The files and subfolders in the git repo should be as follows.

- 1. src/ should contain your .hpp files, .cpp files and a Makefile. In the src/ folder, \$make should create executables noforward and forward for your two processor types respectively.
- 2. **inputfiles**/ should contain the specific strlen.txt, stringcopy.txt, strncpy.txt etc. that your processor implementation supports.
- 3. **outputfiles**/ should contain the stdout redirected to a file of the same name as the input file, with extensions \_noforward\_out.txt and \_forward\_out.txt respectively. You should submit the outputfiles/ folder with the outputs already generated when you run the examples.
- 4. **readme.md** documenting design decisions you took, known issues in your implementation, sources (including chatgpt) you have consulted and how.

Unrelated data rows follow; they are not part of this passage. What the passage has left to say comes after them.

theorem lemma5p4:
  fixes m :: nat and a :: "nat \<Rightarrow> complex" and F :: "complex \<Rightarrow> complex"
    and A B :: real and G :: "nat \<Rightarrow> complex \<Rightarrow> complex" and d :: "nat \<Rightarrow> complex"
  assumes m: "m \<ge> 1"
    and gev: "gevrey1 m a"
    and F_holo: "F holomorphic_on Omega_log"
    and F_periodic: "\<And>w. w \<in> Omega_log \<Longrightarrow> F (w + 2 * pi * \<i> * of_nat m) = F w"
    and F_borel: "\<exists>\<rho>>0. \<forall>w\<in>Omega_log. norm (exp w) < \<rho> \<longrightarrow>
        (\<lambda>n. a (Suc n) * exp (of_real (real (Suc n) / real m - 1) * w)
                / of_real (Gamma (real (Suc n) / real m))) sums F w"
    and AB: "A > 0" "B > 0"
    and F_bound: "\<And>w. w \<in> Omega_log \<Longrightarrow>
        norm (F w) * exp ((real m - 1) / real m * Re w) \<le> A * exp (B * norm (exp w))"
    and G_holo: "\<And>l. l \<in> {1..m} \<Longrightarrow> G l holomorphic_on Delta"
    and G_germ: "\<And>l. l \<in> {1..m} \<Longrightarrow> \<exists>\<rho>>0. \<forall>\<xi>. 0 < norm \<xi> \<and> norm \<xi> < \<rho> \<longrightarrow>
        summable (\<lambda>k. a (l + m * k) * \<xi> ^ k / of_real (Gamma (real l / real m + real k))) \<and>
        G l \<xi> = (\<xi> / (1 - exp (- \<xi>))) powr of_real (real l / real m - 1)
          * (\<Sum>k. a (l + m * k) * \<xi> ^ k / of_real (Gamma (real l / real m + real k)))"
    and d_def: "\<And>l s. l \<in> {1..m} \<Longrightarrow> s \<in> ball 1 1 \<Longrightarrow>
        (\<lambda>j. d (l + m * j) * (1 - s) ^ j) sums G l (- Ln s)"
  shows "\<forall>C. C > max B 1 \<longrightarrow>
    summable (\<lambda>n. norm (d (Suc n)) / (real (Suc n) / real m) powr C)"
proof (intro allI impI)
  fix C :: real assume "C > max B 1"
  define \<beta> where "\<beta> = (max B 1 + C) / 2"
  have \<beta>: "1 < \<beta>" "B \<le> \<beta>" "\<beta> < C" using \<open>C > max B 1\<close> by (auto simp: \<beta>_def)
  interpret borel_transform m a F A B
    using m F_holo F_borel F_bound AB by unfold_locales
  have "\<exists>K. \<forall>j. norm (d (l + m * j)) \<le> K * (real j + 2) powr (\<beta> - 1)" if l: "l \<in> {1..m}" for l
  proof -
    interpret borel_residue m a F A B l "G l"
      using l G_holo G_germ by unfold_locales
    show ?thesis
      using d_def[OF l] \<beta> by (intro residue_coefficients_bound)
  qed
  then show "summable (\<lambda>n. norm (d (Suc n)) / (real (Suc n) / real m) powr C)"
    using m \<beta> by (intro summable_norm_div_powr_if_residue_classes_bounded) auto
qed
lemma family_sum_mult:
  fixes E :: "'a \<Rightarrow> 'k::field set"
  assumes zero: "\<And>a. a \<in> A \<Longrightarrow> 0 \<in> E a"
    and add: "\<And>a u v. a \<in> A \<Longrightarrow> u \<in> E a \<Longrightarrow> v \<in> E a \<Longrightarrow> u + v \<in> E a"
    and cross: "\<And>a b e f. a \<in> A \<Longrightarrow> b \<in> A \<Longrightarrow> e \<in> E a \<Longrightarrow> f \<in> E b \<Longrightarrow> e * f \<in> family_sum A E"
    and "u \<in> family_sum A E" "v \<in> family_sum A E"
  shows "u * v \<in> family_sum A E"
proof -
  let ?S = "family_sum A E"
  have sum_add: "u + v \<in> ?S" if "u \<in> ?S" "v \<in> ?S" for u v
    using family_sum_add[OF that zero add] by blast
  have mult_right: "?S \<subseteq> {u. u * f \<in> ?S}" if "b \<in> A" "f \<in> E b" for b f
  proof (rule family_sum_induct)
    show "0 \<in> {u. u * f \<in> ?S}" by (simp add: family_sum_zero)
    show "u + v \<in> {u. u * f \<in> ?S}" if "u \<in> {u. u * f \<in> ?S}" "v \<in> {u. u * f \<in> ?S}" for u v
      using sum_add[of "u * f" "v * f"] that by (simp add: distrib_right)
    show "E a \<subseteq> {u. u * f \<in> ?S}" if "a \<in> A" for a
      using cross[OF that \<open>b \<in> A\<close> _ \<open>f \<in> E b\<close>] by blast
  qed
  have "?S \<subseteq> {v. \<forall>u\<in>?S. u * v \<in> ?S}"
  proof (rule family_sum_induct)
    show "0 \<in> {v. \<forall>u\<in>?S. u * v \<in> ?S}" by (simp add: family_sum_zero)
    show "v + w \<in> {v. \<forall>u\<in>?S. u * v \<in> ?S}"
      if "v \<in> {v. \<forall>u\<in>?S. u * v \<in> ?S}" "w \<in> {v. \<forall>u\<in>?S. u * v \<in> ?S}" for v w
      using that sum_add by (simp add: distrib_left)
    show "E b \<subseteq> {v. \<forall>u\<in>?S. u * v \<in> ?S}" if "b \<in> A" for b
      using mult_right[OF that] by blast
  qed
  with assms(4,5) show ?thesis by blast
qed

lemma subringD:
  assumes "subring S"
  shows "0 \<in> S" "1 \<in> S" "a \<in> S \<Longrightarrow> b \<in> S \<Longrightarrow> a + b \<in> S"
    "a \<in> S \<Longrightarrow> b \<in> S \<Longrightarrow> a * b \<in> S" "a \<in> S \<Longrightarrow> - a \<in> S"
  using assms unfolding subring_def by auto
lemma frac_divide_mult:
  fixes z :: real and n :: int
  assumes "n > 0"
  shows "frac (z / n) * n = \<lfloor>z\<rfloor> mod n + frac z"
proof -
  have n: "real_of_int n \<noteq> 0"
    using assms by simp
  have "\<lfloor>z / n\<rfloor> = \<lfloor>z\<rfloor> div n"
    using assms by (simp add: floor_divide_real_eq_div)
  hence "frac (z / n) * n = z - real_of_int (\<lfloor>z\<rfloor> div n) * n"
    using n by (simp add: frac_def left_diff_distrib)
  moreover have "real_of_int \<lfloor>z\<rfloor> = real_of_int (\<lfloor>z\<rfloor> div n * n + \<lfloor>z\<rfloor> mod n)"
    by simp
  hence "real_of_int \<lfloor>z\<rfloor> = real_of_int (\<lfloor>z\<rfloor> div n) * n + real_of_int (\<lfloor>z\<rfloor> mod n)"
    by (simp only: of_int_add of_int_mult)
  moreover have "frac z = z - \<lfloor>z\<rfloor>"
    by (simp add: frac_def)
  ultimately show ?thesis
    by linarith
qed

lemma frac_of_nat_mult_powr:
  assumes "E \<ge> 0"
  shows "frac (real n * 2 powr real_of_int E) = 0"
proof -
  have "real n * 2 powr real_of_int E = real (n * 2 ^ nat E)"
    using assms by (simp add: powr_realpow[symmetric])
  thus ?thesis by (metis frac_eq_0_iff Ints_of_nat)
qed

lemma sum_threshold_uniform:
  fixes t :: nat and q :: real
  assumes "t < N"
  shows "(\<Sum>r<N. (if r < t then 1 else if r = t then q else 0)) = real t + q"
proof -
  let ?f = "\<lambda>r. if r < t then 1 else if r = t then q else 0"
  have split: "{..<N} = {..<t} \<union> insert t {Suc t..<N}"
    using assms by auto
  have "sum ?f {..<N} = sum ?f {..<t} + sum ?f (insert t {Suc t..<N})"
    unfolding split by (rule sum.union_disjoint) auto
  also have "sum ?f (insert t {Suc t..<N}) = q + sum ?f {Suc t..<N}"
    by (subst sum.insert) auto
  also have "sum ?f {Suc t..<N} = 0"
    by (rule sum.neutral) simp
  finally show ?thesis by simp
qed
text \<open>Since \<open>u\<close> vanishes outside \<open>B\<^sub>1\<close>, keeping only the interactions between \<open>B\<^sub>1\<close> and its
  complement gives \<open>\<E>(u,u) \<ge> \<integral>\<^bsub>B\<^sub>1\<^esub> u(x)\<^sup>2 \<kappa>(x) dx / 2\<close> with the killing density
  \<open>\<kappa>(x) = \<integral>\<^bsub>|y|\<ge>1\<^esub> K(y - x) dy\<close>, so it suffices to show \<open>\<kappa>(x) \<ge> c M(1 - |x|)\<close>.
  For \<open>x \<noteq> 0\<close> the cone of directions within angle \<open>\<pi>/3\<close> of \<open>x\<close>, based at \<open>x\<close>, leaves the unit
  ball beyond radius \<open>2(1 - |x|)\<close>; integrating \<open>K\<close> over it in polar coordinates bounds \<open>\<kappa>(x)\<close>
  below by a multiple of \<open>\<integral>\<^bsub>2(1-|x|)\<^esub>\<^sup>1 \<ell>(s)/s ds\<close>. Near the sphere, (H2) with \<open>\<lambda> = 1/2\<close> gives
  \<open>\<ell>(s/2) \<le> 2\<ell>(s)\<close> for small \<open>s\<close>, so \<open>M(1 - |x|)\<close> is at most three times that tail. Away from
  the sphere \<open>\<ell>\<close> is bounded above and below, and both \<open>M(1 - |x|)\<close> and a tail of \<open>\<kappa>(x)\<close> are
  comparable to \<open>|x|\<close>.\<close>

lemma emeasure_cone_ball_scale:
  fixes C :: "'a::euclidean_space set"
  assumes C: "C \<in> sets borel" and cone: "\<And>t z. t > 0 \<Longrightarrow> (t *\<^sub>R z \<in> C) = (z \<in> C)" and t: "t > 0"
  shows "emeasure lborel (C \<inter> ball 0 t) = ennreal (t ^ DIM('a)) * emeasure lborel (C \<inter> ball 0 1)"
proof -
  have D: "(lborel::'a measure) = density (distr lborel borel (\<lambda>x. 0 + t *\<^sub>R x)) (\<lambda>_. \<bar>t\<bar>^DIM('a))"
    by (rule lborel_affine) (use t in simp)
  have pre: "(*\<^sub>R) t -` C \<inter> (*\<^sub>R) t -` ball 0 t = C \<inter> ball 0 1"
    using t by (auto simp: cone)
  have "emeasure lborel (C \<inter> ball 0 t) = emeasure (density (distr lborel borel (\<lambda>x. 0 + t *\<^sub>R x)) (\<lambda>_. \<bar>t\<bar>^DIM('a))) (C \<inter> ball 0 t)"
    by (subst D) (rule refl)
  also have "\<dots> = ennreal (\<bar>t\<bar>^DIM('a)) * emeasure (distr lborel borel (\<lambda>x. 0 + t *\<^sub>R x)) (C \<inter> ball 0 t)"
    using C by (simp add: emeasure_density nn_integral_cmult_indicator)
  also have "\<dots> = ennreal (t^DIM('a)) * emeasure lborel (C \<inter> ball 0 1)"
    using C t by (subst emeasure_distr) (auto simp: pre)
  finally show ?thesis .
qed

lemma emeasure_distr_norm_lessThan:
  fixes S :: "'a::euclidean_space set"
  assumes [measurable]: "S \<in> sets borel"
  shows "emeasure (distr (density lborel (indicator S)) borel norm) {..<x} = emeasure lborel (S \<inter> ball 0 x)"
proof -
  have [measurable]: "(norm :: 'a \<Rightarrow> real) -` {..<x} \<in> sets borel"
    using measurable_sets_borel[OF borel_measurable_norm, of "{..<x}"] by auto
  have "emeasure (distr (density lborel (indicator S)) borel norm) {..<x}
      = (\<integral>\<^sup>+ z. indicator S z * indicator ((norm :: 'a \<Rightarrow> real) -` {..<x}) z \<partial>lborel)"
    by (subst emeasure_distr, measurable, subst emeasure_density) (auto simp: mult.commute)
  also have "\<dots> = (\<integral>\<^sup>+ z. indicator (S \<inter> ball 0 x) z \<partial>lborel)"
    by (intro nn_integral_cong) (auto split: split_indicator)
  finally show ?thesis by simp
qed

lemma emeasure_radial_density_lessThan:
  assumes "0 < x" and "1 \<le> N"
  shows "emeasure (density lborel (\<lambda>r. indicator {0..1} r * ennreal (real N * r^(N-1)) * \<omega>)) {..<x}
    = ennreal (min x 1 ^ N) * \<omega>"
proof -
  define m where "m = min x 1"
  have m: "0 < m" "m \<le> 1" using assms by (auto simp: m_def)
  have "emeasure (density lborel (\<lambda>r. indicator {0..1} r * ennreal (real N * r^(N-1)) * \<omega>)) {..<x}
      = (\<integral>\<^sup>+ r. \<omega> * (ennreal (real N * r^(N-1)) * indicator {0..m} r) \<partial>lborel)"
    apply (subst emeasure_density, simp, simp)
    apply (rule nn_integral_cong_AE)
    using AE_lborel_singleton[of x]
    by eventually_elim (auto simp: m_def mult.commute split: split_indicator)
  also have "\<dots> = \<omega> * (\<integral>\<^sup>+ r. ennreal (real N * r^(N-1)) * indicator {0..m} r \<partial>lborel)"
    by (rule nn_integral_cmult) simp
  also have "(\<integral>\<^sup>+ r. ennreal (real N * r^(N-1)) * indicator {0..m} r \<partial>lborel) = m ^ N - 0 ^ N"
    by (rule nn_integral_FTC_Icc[where F="\<lambda>r. r ^ N"]) (use m in \<open>auto intro!: derivative_eq_intros\<close>)
  finally show ?thesis using assms(2) by (simp add: m_def mult.commute power_0_left)
qed

lemma distr_norm_cone_ball:
  fixes C :: "'a::euclidean_space set"
  assumes C[measurable]: "C \<in> sets borel" and cone: "\<And>t z. t > 0 \<Longrightarrow> (t *\<^sub>R z \<in> C) = (z \<in> C)"
  shows "distr (density lborel (indicator (C \<inter> ball 0 1))) borel norm
    = density lborel (\<lambda>r. indicator {0..1} r * ennreal (real DIM('a) * r^(DIM('a)-1)) * emeasure lborel (C \<inter> ball 0 1))"
    (is "?\<mu> = ?\<nu>")
proof (rule measure_eqI_generator_eq_countable[where E="range lessThan" and \<Omega>=UNIV and A="range (\<lambda>n::nat. {..<real n})"])
  define \<omega> where "\<omega> = emeasure lborel (C \<inter> ball 0 1)"
  have [measurable]: "C \<inter> ball 0 1 \<in> sets borel" by auto
  have N1: "1 \<le> DIM('a)" by (simp add: Suc_leI)
  show "Int_stable (range lessThan :: real set set)"
    by (clarsimp simp: Int_stable_def) (metis greaterThan_Int_greaterThan rangeI)
  show "sets ?\<mu> = sigma_sets UNIV (range lessThan)" "sets ?\<nu> = sigma_sets UNIV (range lessThan)"
    by (simp_all add: borel_Iio)
  show "\<Union> (range (\<lambda>n::nat. {..<real n})) = UNIV"
    by (auto intro: reals_Archimedean2)
  show "emeasure ?\<mu> X = emeasure ?\<nu> X" if "X \<in> range lessThan" for X
  proof -
    obtain x where X: "X = {..<x}" using \<open>X \<in> range lessThan\<close> by auto
    show ?thesis
    proof (cases "x \<le> 0")
      case True
      have "(\<lambda>r. indicator {0..1} r * ennreal (real DIM('a) * r^(DIM('a)-1)) * emeasure lborel (C \<inter> ball 0 1) * indicator {..<x} r)
          = (\<lambda>_. 0)"
        using True by (intro ext) (simp split: split_indicator)
      then have "emeasure ?\<nu> {..<x} = 0"
        by (subst emeasure_density) simp_all
      moreover have "C \<inter> ball 0 1 \<inter> ball 0 x = {}" using True by (simp add: ball_empty)
      ultimately show ?thesis unfolding X by (simp add: emeasure_distr_norm_lessThan)
    next
      case False
      then have x: "0 < x" and m: "0 < min x 1" by simp_all
      have "C \<inter> ball 0 1 \<inter> ball 0 x = C \<inter> ball 0 (min x 1)" by auto
      then have "emeasure ?\<mu> {..<x} = emeasure lborel (C \<inter> ball 0 (min x 1))"
        by (simp add: emeasure_distr_norm_lessThan)
      also have "\<dots> = ennreal (min x 1 ^ DIM('a)) * \<omega>"
        unfolding \<omega>_def by (rule emeasure_cone_ball_scale[OF C cone m])
      also have "\<dots> = emeasure ?\<nu> {..<x}"
        using emeasure_radial_density_lessThan[OF x N1, where \<omega>=\<omega>] unfolding \<omega>_def by simp
      finally show ?thesis unfolding X .
    qed
  qed
  fix X assume "X \<in> range (\<lambda>n::nat. {..<real n})"
  then obtain n where X: "X = {..<real n}" by auto
  have "emeasure ?\<mu> X = emeasure (density lborel (indicator (C \<inter> ball 0 1))) (norm -` X)"
    unfolding X by (subst emeasure_distr) auto
  also have "\<dots> \<le> emeasure (density lborel (indicator (C \<inter> ball 0 1))) UNIV"
    by (rule emeasure_mono) auto
  also have "\<dots> = emeasure lborel (C \<inter> ball 0 1)"
    by (simp add: emeasure_density)
  also have "\<dots> \<le> emeasure lborel (ball (0::'a) 1)"
    by (rule emeasure_mono) auto
  finally show "emeasure ?\<mu> X \<noteq> \<infinity>"
    using emeasure_lborel_ball_finite[of "0::'a" 1] by (auto simp: top_unique)
next
  show "range lessThan \<subseteq> Pow (UNIV :: real set)" by simp
  show "range (\<lambda>n::nat. {..<real n}) \<subseteq> range lessThan" by auto
  show "countable (range (\<lambda>n::nat. {..<real n}))" by simp
qed

lemma nn_integral_cone_ball_radial:
  fixes C :: "'a::euclidean_space set" and f :: "real \<Rightarrow> ennreal"
  assumes C[measurable]: "C \<in> sets borel" and cone: "\<And>t z. t > 0 \<Longrightarrow> (t *\<^sub>R z \<in> C) = (z \<in> C)"
    and f[measurable]: "f \<in> borel_measurable borel"
  shows "(\<integral>\<^sup>+ z. indicator (C \<inter> ball 0 1) z * f (norm z) \<partial>lborel) =
    (\<integral>\<^sup>+ r. (indicator {0..1} r * ennreal (real DIM('a) * r^(DIM('a)-1)) * emeasure lborel (C \<inter> ball 0 1)) * f r \<partial>lborel)"
proof -
  have [measurable]: "C \<inter> ball 0 1 \<in> sets borel" by auto
  have "(\<integral>\<^sup>+ z. indicator (C \<inter> ball 0 1) z * f (norm z) \<partial>lborel)
      = (\<integral>\<^sup>+ r. f r \<partial>distr (density lborel (indicator (C \<inter> ball 0 1))) borel norm)"
    by (simp add: nn_integral_distr, subst nn_integral_density) auto
  then show ?thesis
    by (simp add: distr_norm_cone_ball[OF C cone] nn_integral_density)
qed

We should be able to run the executables in the src/ folder from command line as \$./noforward../inputfiles/filename.txt cyclecount to generate the pipeline diagram on stdout for your nonforwarding processor, for that particular filename, for those number of cyclecounts. Similarly, \$./forward../inputfiles/filename.txt cyclecount should generate pipeline diagram on stdout for the forwarding processor, for that particular filename, for those number of cyclecounts.

At assignment deadline, download the zip from your git repo and submit on Moodle, renaming it as entrynum1\_entrynum2.zip. The internal subfolder structure should be exactly the same for the zip submitted on Moodle, as specified above for the git repo. During demo, the TA will download from Moodle and run. We will also check the commit trail in the git repo to understand how your code gradually progressed over 4 weeks between 2 partners.